Start of Available records

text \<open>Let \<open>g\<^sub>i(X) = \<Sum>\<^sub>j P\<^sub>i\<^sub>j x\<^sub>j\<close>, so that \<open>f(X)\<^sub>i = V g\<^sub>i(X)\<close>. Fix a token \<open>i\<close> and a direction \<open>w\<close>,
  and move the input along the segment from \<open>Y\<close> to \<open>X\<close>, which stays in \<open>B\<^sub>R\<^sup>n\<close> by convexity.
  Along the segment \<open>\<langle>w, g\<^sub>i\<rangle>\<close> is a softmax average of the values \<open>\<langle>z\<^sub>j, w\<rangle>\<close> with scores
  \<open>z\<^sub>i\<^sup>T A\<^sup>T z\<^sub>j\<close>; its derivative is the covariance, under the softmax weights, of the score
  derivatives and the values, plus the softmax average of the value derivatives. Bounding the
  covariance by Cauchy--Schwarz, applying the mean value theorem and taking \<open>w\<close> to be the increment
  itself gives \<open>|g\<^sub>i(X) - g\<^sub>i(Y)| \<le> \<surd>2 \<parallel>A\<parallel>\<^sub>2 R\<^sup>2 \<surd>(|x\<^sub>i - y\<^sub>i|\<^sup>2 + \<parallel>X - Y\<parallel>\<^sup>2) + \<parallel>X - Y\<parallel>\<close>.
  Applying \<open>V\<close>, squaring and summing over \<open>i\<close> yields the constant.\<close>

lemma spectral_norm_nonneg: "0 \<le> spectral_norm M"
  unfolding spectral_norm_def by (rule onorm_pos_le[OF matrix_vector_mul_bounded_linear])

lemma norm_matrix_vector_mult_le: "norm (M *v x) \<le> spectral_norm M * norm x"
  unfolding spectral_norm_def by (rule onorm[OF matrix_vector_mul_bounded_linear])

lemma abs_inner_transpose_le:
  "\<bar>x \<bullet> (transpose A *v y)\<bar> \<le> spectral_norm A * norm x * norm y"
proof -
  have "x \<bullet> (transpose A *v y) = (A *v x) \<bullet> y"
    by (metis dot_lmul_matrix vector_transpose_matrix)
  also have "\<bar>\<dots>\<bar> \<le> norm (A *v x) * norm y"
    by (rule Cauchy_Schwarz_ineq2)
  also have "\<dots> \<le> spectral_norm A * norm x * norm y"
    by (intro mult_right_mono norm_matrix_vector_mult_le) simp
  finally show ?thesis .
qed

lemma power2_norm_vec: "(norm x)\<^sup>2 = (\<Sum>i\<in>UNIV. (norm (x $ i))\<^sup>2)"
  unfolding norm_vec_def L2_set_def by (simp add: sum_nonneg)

End of Available records

> **Activity**
Your output should be an exact transcription of the line that holds "unfolding spectral_norm_def by (rule onorm_pos_le[OF" and each line after it through the end of the listing above.

> **Exercise output**
  unfolding spectral_norm_def by (rule onorm_pos_le[OF matrix_vector_mul_bounded_linear])

lemma norm_matrix_vector_mult_le: "norm (M *v x) \<le> spectral_norm M * norm x"
  unfolding spectral_norm_def by (rule onorm[OF matrix_vector_mul_bounded_linear])

lemma abs_inner_transpose_le:
  "\<bar>x \<bullet> (transpose A *v y)\<bar> \<le> spectral_norm A * norm x * norm y"
proof -
  have "x \<bullet> (transpose A *v y) = (A *v x) \<bullet> y"
    by (metis dot_lmul_matrix vector_transpose_matrix)
  also have "\<bar>\<dots>\<bar> \<le> norm (A *v x) * norm y"
    by (rule Cauchy_Schwarz_ineq2)
  also have "\<dots> \<le> spectral_norm A * norm x * norm y"
    by (intro mult_right_mono norm_matrix_vector_mult_le) simp
  finally show ?thesis .
qed

lemma power2_norm_vec: "(norm x)\<^sup>2 = (\<Sum>i\<in>UNIV. (norm (x $ i))\<^sup>2)"
  unfolding norm_vec_def L2_set_def by (simp add: sum_nonneg)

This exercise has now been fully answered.